Ketamine's antidepressant effects involve changes in brain connectivity that depend on which part of the anterior cingulate cortex (ACC) is examined. In a double-blind, placebo-controlled crossover trial, patients with treatment-resistant depression and healthy volunteers received intravenous ketamine or placebo. Two days later, resting-state functional connectivity between ACC subregions and other brain areas differed between groups. Changes in perigenual ACC connectivity to the insula correlated with improved depression scores. Subgenual ACC connectivity was most altered by ketamine compared to placebo, and changes in its connectivity to other ACC subregions and the ventral striatum correlated with reduced anhedonia. Accurate ACC segmentation is needed to understand ketamine's effects.

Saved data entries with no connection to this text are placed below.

lemma det_add_scaleR_id:
  fixes X :: "real^'n^'n"
  assumes "transpose X = X"
  shows "det (X + t *\<^sub>R mat 1) = (\<Prod>i=1..CARD('n). eigs X i + t)"
proof -
  obtain v where o: "orthonormal_on {1..CARD('n)} v" and e: "\<forall>i\<in>{1..CARD('n)}. X *v v i = eigs X i *\<^sub>R v i"
    using symmetric_eigs[OF assms] by blast
  have "\<forall>i\<in>{1..CARD('n)}. (X + t *\<^sub>R mat 1) *v v i = (eigs X i + t) *\<^sub>R v i"
    using e by (simp add: matrix_vector_mult_add_rdistrib scaleR_matrix_vector_assoc[symmetric] scaleR_add_left)
  then show ?thesis by (rule det_orthonormal_eigenbasis[OF o])
qed

lemma psd_cone_symmetric: "Y \<in> psd_cone \<Longrightarrow> transpose Y = Y"
  by (simp add: psd_cone_def)

lemma psd_cone_eigs_nonneg:
  fixes Y :: "real^'n^'n"
  assumes "Y \<in> psd_cone"
  shows "0 \<le> eigs Y i"
proof (cases "i \<in> {1..CARD('n)}")
  case True
  obtain v where o: "orthonormal_on {1..CARD('n)} v" and "\<forall>i\<in>{1..CARD('n)}. Y *v v i = eigs Y i *\<^sub>R v i"
    using symmetric_eigs[OF psd_cone_symmetric[OF assms]] by blast
  with True have "eigs Y i = v i \<bullet> (Y *v v i)"
    by (simp add: orthonormal_on_def)
  then show ?thesis using assms by (simp add: psd_cone_def)
next
  case False
  then show ?thesis
    using symmetric_eigs[OF psd_cone_symmetric[OF assms]] by (metis is_sorted_eigs_def order_refl)
qed

lemma psd_cone_eigs_antimono:
  fixes Y :: "real^'n^'n"
  assumes "Y \<in> psd_cone" "1 \<le> i" "i \<le> j"
  shows "eigs Y j \<le> eigs Y i"
proof (cases "j \<le> CARD('n)")
  case True
  then show ?thesis using eigs_antimono[OF psd_cone_symmetric] assms by blast
next
  case False
  then show ?thesis
    using eigs_beyond_dimension[OF psd_cone_symmetric[OF assms(1)]] psd_cone_eigs_nonneg[OF assms(1)]
    by simp
qed

lemma ln_det_add_scaleR_id:
  fixes X :: "real^'n^'n"
  assumes "X \<in> psd_cone" "0 < t"
  shows "ln (det (X + t *\<^sub>R mat 1)) = (\<Sum>i=1..CARD('n). ln (eigs X i + t))"
proof -
  have "eigs X i + t \<noteq> 0" for i
    using psd_cone_eigs_nonneg[OF assms(1), of i] assms(2) by simp
  then show ?thesis
    by (simp add: det_add_scaleR_id[OF psd_cone_symmetric[OF assms(1)]] ln_prod)
qed

lemma lambda_min_pos:
  fixes C :: "real^'n^'n"
  assumes "pos_def C"
  shows "0 < lambda_min C"
proof -
  let ?n = "CARD('n)"
  have "transpose C = C" using assms by (simp add: pos_def_def)
  then obtain v where o: "orthonormal_on {1..?n} v" and "\<forall>i\<in>{1..?n}. C *v v i = eigs C i *\<^sub>R v i"
    using symmetric_eigs by blast
  then have "lambda_min C = v ?n \<bullet> (C *v v ?n)"
    by (simp add: lambda_min_def orthonormal_on_def)
  also have "\<dots> > 0"
    using assms orthonormal_on_nonzero[OF o, of ?n] by (simp add: pos_def_def)
  finally show ?thesis .
qed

Review: The use of functional magnetic resonance imaging (fMRI) in clinical trials and experimental research studies for depression

Frontiers in Neuroimaging June 27, 2023 Vasileia Kotoula, Jennifer W. Evans, Claire Punturieri et al. 26 citations

Functional magnetic resonance imaging (fMRI) can identify brain areas linked to depression symptoms and potential treatment targets. A review of fMRI studies on selective serotonin reuptake inhibitors (SSRIs) and ketamine found that both conventional and fast-acting antidepressants normalize amygdala hyperactivity in response to negative emotional stimuli, suggesting a common pathway for antidepressant action. Ketamine's rapid effects on brain activity and connectivity also trend toward normalizing depression-related abnormalities. While fMRI shows promise for identifying treatment targets, improved methodology and study design are needed before its findings can be used as primary clinical trial outcomes.